## TASK GOAL
Go through the listing below and return each line that includes "Longrightarrow".
[[ SOURCE INFORMATION, beginning ]]
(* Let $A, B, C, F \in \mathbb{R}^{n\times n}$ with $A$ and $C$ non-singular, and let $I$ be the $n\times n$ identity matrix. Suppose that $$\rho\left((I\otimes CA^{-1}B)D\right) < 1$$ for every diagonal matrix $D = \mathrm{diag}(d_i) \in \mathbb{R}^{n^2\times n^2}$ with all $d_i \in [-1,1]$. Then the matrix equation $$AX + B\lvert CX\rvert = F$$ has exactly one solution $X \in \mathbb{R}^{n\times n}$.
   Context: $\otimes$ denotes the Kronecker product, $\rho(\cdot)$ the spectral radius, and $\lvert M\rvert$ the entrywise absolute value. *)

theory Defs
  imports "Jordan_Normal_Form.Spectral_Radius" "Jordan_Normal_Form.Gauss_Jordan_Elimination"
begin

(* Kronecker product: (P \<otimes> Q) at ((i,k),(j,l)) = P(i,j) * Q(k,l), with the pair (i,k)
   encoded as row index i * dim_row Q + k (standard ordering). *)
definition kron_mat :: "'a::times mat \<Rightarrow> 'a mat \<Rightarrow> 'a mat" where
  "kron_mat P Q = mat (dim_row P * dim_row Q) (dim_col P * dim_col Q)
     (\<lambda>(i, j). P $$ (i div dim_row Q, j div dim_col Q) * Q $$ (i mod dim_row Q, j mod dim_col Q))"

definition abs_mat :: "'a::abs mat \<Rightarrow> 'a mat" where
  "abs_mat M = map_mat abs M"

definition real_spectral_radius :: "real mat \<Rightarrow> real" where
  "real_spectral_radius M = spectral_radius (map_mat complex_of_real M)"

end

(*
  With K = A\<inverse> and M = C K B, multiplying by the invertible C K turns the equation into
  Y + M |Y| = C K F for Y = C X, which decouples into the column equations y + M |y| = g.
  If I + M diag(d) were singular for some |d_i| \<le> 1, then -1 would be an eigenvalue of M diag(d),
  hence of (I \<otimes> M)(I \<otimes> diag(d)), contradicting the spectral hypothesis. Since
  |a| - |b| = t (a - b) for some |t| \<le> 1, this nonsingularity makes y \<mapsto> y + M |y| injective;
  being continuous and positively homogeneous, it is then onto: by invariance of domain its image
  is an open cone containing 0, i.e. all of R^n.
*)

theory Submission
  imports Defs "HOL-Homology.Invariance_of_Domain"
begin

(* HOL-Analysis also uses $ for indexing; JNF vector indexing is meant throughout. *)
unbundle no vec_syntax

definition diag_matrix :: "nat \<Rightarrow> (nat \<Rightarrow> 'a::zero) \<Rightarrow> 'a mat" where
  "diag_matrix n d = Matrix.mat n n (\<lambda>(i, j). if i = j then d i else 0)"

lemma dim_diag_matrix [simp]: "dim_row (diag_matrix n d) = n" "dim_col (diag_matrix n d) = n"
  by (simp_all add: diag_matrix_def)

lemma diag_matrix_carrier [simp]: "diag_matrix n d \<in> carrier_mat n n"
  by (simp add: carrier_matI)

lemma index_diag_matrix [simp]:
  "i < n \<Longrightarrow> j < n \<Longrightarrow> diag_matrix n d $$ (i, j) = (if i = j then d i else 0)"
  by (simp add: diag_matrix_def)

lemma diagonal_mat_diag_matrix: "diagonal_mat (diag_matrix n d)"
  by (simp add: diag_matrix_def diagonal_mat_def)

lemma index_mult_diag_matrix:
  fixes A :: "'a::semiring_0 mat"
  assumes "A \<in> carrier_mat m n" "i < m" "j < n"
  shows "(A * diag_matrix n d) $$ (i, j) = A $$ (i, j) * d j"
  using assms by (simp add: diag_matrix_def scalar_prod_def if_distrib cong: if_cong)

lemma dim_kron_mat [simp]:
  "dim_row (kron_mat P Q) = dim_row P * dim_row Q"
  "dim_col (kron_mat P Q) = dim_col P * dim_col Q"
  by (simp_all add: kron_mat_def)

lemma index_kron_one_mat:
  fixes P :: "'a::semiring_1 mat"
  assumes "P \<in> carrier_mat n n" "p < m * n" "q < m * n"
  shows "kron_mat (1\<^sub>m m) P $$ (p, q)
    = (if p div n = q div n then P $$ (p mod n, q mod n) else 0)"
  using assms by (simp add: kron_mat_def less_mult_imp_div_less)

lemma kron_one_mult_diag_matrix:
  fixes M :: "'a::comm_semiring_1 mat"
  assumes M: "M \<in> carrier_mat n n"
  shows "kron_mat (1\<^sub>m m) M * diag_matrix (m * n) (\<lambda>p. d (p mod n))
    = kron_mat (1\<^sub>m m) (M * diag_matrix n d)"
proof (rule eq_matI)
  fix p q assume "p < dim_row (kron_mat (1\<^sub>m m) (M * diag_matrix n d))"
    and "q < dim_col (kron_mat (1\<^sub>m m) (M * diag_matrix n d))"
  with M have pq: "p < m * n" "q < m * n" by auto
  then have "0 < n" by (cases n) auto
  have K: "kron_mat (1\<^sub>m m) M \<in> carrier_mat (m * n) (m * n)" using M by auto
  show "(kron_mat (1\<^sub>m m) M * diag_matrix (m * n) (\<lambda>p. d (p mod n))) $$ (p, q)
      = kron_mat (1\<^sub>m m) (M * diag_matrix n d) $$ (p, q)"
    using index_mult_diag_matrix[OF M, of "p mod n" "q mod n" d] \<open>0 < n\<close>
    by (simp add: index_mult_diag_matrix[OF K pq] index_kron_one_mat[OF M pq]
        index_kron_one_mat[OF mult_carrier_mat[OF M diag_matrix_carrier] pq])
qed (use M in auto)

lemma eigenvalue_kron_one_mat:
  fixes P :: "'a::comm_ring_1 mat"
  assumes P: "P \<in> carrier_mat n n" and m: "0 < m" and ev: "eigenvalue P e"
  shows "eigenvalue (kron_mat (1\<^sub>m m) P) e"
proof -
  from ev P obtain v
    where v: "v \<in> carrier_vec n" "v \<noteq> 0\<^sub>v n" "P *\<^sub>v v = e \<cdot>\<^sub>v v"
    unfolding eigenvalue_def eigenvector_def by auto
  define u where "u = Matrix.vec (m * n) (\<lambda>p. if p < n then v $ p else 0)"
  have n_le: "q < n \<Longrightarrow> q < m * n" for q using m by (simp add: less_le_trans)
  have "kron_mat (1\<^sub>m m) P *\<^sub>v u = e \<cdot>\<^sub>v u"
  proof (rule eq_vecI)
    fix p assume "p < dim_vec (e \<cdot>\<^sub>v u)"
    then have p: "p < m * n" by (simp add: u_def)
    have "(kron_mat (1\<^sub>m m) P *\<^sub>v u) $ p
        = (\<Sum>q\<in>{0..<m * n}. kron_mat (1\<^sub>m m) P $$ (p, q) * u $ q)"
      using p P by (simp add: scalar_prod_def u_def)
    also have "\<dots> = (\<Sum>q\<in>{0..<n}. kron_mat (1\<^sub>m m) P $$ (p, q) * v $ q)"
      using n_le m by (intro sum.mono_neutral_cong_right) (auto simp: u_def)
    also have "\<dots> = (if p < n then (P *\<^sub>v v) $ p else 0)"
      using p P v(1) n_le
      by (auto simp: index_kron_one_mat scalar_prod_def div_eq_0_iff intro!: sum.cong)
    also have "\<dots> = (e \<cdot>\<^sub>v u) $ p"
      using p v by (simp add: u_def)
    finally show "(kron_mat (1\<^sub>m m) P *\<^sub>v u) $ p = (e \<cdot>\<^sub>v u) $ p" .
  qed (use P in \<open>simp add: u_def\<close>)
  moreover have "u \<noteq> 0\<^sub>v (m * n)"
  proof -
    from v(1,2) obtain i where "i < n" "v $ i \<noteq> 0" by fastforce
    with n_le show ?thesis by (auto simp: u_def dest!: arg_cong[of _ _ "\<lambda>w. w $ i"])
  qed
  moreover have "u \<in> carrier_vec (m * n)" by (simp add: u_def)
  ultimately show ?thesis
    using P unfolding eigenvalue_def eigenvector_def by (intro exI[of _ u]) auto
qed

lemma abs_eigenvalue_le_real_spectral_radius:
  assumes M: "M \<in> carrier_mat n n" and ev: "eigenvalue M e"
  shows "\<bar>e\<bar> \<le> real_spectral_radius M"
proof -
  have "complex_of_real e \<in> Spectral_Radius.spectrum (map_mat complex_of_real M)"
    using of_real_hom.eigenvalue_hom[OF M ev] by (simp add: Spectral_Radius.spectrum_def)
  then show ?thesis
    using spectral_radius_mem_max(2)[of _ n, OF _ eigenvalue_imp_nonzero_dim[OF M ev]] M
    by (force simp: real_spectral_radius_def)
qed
[[ SOURCE INFORMATION, end ]]
## ANSWER TO THE EXERCISE
  "i < n \<Longrightarrow> j < n \<Longrightarrow> diag_matrix n d $$ (i, j) = (if i = j then d i else 0)"
  have n_le: "q < n \<Longrightarrow> q < m * n" for q using m by (simp add: less_le_trans)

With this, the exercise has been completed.